[[ SUPPLIED DATA, beginning ]]
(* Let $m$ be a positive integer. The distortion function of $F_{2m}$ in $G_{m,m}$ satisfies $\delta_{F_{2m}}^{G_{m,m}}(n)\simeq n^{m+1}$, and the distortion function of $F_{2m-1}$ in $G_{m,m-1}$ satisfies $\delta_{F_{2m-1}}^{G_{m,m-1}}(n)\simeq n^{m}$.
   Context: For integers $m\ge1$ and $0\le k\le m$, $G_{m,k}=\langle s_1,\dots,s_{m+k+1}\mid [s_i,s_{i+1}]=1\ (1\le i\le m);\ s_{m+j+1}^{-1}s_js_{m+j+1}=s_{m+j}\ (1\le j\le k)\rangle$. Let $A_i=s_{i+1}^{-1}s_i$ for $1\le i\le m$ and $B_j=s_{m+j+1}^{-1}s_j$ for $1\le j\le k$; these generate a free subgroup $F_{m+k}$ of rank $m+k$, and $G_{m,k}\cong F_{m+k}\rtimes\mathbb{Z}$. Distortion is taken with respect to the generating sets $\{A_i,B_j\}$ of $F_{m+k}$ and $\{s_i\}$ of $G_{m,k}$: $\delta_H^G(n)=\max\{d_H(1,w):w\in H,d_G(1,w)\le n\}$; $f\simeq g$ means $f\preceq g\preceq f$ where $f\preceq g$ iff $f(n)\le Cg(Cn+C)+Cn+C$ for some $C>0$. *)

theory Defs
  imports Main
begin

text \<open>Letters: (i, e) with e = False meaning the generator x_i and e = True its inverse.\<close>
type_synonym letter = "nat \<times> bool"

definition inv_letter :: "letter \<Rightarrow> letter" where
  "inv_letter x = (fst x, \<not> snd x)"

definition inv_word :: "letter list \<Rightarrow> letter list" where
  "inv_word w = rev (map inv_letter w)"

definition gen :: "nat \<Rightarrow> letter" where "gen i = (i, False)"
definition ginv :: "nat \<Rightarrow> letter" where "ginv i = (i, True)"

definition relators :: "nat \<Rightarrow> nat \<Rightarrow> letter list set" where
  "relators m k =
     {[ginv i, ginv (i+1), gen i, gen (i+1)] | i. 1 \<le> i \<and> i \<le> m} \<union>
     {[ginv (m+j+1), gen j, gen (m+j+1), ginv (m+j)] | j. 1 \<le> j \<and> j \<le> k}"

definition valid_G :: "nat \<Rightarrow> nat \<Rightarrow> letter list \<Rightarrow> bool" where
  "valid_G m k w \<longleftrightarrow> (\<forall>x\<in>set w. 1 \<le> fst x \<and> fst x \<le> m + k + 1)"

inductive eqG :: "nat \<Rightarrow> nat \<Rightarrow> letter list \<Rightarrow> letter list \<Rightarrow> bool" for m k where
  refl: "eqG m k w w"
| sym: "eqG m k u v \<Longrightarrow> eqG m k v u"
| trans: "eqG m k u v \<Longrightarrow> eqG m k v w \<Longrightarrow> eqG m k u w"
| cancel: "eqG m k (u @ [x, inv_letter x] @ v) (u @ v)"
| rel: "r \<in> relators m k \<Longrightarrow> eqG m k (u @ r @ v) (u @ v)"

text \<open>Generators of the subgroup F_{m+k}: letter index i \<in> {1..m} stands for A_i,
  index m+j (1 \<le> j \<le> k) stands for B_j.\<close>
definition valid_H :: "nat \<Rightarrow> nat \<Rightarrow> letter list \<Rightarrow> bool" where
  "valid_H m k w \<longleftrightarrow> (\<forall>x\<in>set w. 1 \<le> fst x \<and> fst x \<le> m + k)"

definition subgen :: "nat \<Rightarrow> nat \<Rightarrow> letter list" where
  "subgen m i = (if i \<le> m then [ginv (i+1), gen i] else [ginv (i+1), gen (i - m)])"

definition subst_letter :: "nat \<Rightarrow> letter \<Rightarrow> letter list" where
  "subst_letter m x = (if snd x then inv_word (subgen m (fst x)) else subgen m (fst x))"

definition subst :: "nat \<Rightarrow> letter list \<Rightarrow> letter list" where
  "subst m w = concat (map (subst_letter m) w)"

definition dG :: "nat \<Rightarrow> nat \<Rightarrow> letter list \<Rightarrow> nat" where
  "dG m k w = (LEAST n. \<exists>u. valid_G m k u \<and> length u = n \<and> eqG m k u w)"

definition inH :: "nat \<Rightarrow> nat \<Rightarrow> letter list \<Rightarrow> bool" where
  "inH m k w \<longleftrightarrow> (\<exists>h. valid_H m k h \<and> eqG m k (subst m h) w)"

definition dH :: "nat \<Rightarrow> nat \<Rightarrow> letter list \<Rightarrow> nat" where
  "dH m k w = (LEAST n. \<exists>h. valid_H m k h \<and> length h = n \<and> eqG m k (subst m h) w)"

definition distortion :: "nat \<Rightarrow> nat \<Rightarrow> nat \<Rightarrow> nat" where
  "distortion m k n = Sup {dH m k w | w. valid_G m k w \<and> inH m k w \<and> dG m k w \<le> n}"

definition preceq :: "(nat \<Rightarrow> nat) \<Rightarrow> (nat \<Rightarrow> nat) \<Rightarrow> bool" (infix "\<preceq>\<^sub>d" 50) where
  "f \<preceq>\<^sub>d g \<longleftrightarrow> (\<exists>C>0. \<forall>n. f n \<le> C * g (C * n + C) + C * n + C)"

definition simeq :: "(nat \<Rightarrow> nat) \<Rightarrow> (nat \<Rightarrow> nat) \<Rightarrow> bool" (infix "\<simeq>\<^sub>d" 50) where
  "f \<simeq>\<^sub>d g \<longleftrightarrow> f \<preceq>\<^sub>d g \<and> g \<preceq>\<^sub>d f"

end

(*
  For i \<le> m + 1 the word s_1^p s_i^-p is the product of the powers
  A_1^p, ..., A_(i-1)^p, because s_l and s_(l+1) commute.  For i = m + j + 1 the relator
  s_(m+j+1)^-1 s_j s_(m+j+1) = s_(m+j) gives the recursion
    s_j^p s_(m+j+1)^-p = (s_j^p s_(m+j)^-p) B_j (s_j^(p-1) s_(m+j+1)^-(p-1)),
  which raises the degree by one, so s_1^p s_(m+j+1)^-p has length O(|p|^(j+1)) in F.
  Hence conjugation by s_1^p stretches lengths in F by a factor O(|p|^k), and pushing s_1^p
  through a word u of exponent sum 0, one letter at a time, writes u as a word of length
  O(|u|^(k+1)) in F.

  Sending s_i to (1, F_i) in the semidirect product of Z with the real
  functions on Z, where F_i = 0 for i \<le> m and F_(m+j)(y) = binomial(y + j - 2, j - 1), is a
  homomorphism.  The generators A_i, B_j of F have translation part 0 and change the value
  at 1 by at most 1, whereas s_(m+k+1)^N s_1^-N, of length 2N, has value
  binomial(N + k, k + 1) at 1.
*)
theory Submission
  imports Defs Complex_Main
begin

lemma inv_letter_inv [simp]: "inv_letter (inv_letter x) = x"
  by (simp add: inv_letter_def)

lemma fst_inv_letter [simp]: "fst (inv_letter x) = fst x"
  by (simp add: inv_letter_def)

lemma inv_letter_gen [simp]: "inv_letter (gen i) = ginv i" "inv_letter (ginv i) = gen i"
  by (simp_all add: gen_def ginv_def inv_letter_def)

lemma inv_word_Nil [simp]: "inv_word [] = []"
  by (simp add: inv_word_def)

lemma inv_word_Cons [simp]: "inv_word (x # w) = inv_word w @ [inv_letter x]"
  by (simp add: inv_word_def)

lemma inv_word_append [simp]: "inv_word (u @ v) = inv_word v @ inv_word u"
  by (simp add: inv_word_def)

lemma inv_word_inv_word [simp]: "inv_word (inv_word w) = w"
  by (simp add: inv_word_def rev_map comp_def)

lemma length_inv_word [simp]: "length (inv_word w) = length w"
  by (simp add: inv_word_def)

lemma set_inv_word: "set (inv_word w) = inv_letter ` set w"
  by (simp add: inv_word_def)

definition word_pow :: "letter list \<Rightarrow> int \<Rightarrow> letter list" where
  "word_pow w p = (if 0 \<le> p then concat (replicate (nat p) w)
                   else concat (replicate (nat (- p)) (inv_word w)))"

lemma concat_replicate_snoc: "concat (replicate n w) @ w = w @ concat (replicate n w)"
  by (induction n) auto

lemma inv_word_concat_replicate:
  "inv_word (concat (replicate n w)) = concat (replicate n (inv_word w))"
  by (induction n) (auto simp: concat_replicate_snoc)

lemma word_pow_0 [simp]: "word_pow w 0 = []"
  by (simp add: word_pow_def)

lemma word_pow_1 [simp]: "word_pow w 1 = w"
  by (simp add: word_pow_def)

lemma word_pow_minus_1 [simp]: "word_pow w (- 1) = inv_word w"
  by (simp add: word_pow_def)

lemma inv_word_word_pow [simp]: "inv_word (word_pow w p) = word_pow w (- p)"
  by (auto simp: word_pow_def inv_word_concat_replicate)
[[ SUPPLIED DATA, end ]]
[[ SUPPLIED DATA, beginning ]]
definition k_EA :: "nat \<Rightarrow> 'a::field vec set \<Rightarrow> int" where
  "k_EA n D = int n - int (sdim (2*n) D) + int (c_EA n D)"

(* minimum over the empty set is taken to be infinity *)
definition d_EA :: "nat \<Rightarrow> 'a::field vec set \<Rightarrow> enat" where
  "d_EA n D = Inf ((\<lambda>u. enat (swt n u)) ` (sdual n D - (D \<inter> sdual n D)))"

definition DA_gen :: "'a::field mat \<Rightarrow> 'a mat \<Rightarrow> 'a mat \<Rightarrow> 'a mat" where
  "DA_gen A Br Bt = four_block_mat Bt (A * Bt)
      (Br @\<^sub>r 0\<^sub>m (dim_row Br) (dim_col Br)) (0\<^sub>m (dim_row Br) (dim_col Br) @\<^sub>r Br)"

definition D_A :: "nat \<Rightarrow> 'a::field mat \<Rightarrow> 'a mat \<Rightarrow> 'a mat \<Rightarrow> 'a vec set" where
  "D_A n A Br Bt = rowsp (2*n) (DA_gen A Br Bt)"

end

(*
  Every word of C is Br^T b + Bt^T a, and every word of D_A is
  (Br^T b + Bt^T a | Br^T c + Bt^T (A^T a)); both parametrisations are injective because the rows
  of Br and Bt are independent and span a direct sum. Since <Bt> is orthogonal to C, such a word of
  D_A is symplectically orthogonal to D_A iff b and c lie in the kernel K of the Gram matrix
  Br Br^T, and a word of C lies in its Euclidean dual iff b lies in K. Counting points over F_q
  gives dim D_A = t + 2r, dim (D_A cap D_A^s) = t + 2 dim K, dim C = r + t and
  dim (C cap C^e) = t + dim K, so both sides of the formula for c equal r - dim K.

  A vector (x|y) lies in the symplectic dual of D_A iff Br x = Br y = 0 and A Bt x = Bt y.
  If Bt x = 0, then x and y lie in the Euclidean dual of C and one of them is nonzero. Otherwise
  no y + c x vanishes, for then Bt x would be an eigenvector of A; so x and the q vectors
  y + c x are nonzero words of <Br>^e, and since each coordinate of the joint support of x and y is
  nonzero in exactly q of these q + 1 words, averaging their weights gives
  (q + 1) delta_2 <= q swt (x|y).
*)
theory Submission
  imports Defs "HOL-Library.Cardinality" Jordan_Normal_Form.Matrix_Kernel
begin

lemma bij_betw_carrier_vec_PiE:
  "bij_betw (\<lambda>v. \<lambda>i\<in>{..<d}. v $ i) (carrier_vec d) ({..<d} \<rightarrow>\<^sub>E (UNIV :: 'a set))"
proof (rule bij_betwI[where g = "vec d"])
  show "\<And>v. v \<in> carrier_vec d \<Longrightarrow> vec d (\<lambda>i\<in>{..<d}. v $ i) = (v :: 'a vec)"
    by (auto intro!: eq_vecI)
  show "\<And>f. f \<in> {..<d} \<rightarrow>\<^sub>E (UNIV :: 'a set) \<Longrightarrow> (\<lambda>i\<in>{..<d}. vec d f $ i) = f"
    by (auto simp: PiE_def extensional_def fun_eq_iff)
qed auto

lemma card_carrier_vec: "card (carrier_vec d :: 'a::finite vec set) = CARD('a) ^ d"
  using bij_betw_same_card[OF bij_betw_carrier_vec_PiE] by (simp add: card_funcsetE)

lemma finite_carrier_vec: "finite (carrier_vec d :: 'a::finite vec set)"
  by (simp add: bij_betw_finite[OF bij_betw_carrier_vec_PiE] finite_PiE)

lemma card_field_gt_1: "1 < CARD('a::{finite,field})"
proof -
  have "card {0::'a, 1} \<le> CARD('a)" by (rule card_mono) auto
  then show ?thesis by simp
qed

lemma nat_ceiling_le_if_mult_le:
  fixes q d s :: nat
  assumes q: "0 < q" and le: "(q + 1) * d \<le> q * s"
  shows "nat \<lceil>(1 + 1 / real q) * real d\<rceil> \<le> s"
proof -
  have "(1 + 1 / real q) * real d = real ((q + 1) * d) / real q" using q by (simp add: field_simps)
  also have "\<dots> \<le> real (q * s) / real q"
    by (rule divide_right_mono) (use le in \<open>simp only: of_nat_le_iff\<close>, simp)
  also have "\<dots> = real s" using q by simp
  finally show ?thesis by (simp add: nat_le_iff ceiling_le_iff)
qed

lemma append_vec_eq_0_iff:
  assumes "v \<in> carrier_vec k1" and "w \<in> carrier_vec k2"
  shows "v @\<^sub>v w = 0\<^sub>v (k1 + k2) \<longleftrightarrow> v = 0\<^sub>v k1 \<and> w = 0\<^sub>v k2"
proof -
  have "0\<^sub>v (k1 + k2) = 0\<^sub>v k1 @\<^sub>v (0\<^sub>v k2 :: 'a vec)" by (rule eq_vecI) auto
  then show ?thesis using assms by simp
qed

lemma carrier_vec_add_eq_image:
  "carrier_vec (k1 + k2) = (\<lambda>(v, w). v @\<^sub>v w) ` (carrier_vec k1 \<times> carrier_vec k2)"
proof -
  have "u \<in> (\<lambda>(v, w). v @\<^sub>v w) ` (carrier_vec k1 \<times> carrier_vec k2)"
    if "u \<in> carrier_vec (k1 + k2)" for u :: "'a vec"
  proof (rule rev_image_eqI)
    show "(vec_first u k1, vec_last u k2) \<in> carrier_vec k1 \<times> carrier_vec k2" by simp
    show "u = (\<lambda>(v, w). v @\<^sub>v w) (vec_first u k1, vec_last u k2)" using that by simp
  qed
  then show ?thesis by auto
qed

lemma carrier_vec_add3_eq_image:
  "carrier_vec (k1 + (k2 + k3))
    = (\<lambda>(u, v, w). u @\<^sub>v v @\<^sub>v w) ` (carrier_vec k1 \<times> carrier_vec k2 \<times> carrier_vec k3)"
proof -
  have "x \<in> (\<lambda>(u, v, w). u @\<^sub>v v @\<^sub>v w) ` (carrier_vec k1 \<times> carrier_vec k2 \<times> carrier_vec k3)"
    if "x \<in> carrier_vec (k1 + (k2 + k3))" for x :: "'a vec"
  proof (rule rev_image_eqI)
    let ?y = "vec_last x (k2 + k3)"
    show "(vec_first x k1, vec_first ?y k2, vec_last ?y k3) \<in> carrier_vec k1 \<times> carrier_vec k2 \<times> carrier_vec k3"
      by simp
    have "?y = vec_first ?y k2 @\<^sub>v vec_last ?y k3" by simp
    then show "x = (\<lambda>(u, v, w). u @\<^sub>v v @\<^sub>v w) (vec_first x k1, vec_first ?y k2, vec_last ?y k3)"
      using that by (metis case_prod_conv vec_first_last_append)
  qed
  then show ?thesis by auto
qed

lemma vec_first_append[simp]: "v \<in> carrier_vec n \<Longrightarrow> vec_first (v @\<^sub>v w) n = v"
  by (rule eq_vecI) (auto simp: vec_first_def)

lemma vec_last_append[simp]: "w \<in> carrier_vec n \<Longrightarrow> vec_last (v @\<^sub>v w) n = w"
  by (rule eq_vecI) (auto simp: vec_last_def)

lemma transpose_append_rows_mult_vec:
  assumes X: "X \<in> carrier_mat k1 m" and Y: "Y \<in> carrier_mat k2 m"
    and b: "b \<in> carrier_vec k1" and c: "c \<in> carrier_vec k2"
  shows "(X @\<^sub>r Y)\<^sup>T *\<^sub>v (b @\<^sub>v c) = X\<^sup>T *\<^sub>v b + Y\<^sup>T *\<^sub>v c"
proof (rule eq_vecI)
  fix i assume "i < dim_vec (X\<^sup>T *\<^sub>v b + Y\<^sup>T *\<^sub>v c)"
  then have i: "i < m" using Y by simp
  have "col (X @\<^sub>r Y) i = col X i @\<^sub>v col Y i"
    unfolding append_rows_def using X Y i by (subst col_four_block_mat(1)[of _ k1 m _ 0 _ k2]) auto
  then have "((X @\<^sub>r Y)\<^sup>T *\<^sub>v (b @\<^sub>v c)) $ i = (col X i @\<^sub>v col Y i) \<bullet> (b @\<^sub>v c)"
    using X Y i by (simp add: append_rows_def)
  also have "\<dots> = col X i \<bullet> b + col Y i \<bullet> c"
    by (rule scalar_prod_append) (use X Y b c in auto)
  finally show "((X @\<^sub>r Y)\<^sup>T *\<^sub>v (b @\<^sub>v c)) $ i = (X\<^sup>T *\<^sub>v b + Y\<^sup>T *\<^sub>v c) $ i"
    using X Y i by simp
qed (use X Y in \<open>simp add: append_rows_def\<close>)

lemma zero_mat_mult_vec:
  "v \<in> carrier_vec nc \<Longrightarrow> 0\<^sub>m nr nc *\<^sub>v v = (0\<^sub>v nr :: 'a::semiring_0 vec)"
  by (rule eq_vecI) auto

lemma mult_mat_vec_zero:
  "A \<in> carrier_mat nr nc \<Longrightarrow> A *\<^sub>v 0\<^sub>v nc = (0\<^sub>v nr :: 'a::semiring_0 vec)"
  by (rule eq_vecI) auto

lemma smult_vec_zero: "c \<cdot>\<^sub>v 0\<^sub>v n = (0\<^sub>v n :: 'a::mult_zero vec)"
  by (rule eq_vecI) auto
[[ SUPPLIED DATA, end ]]
▶ _THE TASK_:
Among the lines above, return those that hold the word "UNIV".

▶ _SOLUTION TO THE PROBLEM_:
  "bij_betw (\<lambda>v. \<lambda>i\<in>{..<d}. v $ i) (carrier_vec d) ({..<d} \<rightarrow>\<^sub>E (UNIV :: 'a set))"
  show "\<And>f. f \<in> {..<d} \<rightarrow>\<^sub>E (UNIV :: 'a set) \<Longrightarrow> (\<lambda>i\<in>{..<d}. vec d f $ i) = f"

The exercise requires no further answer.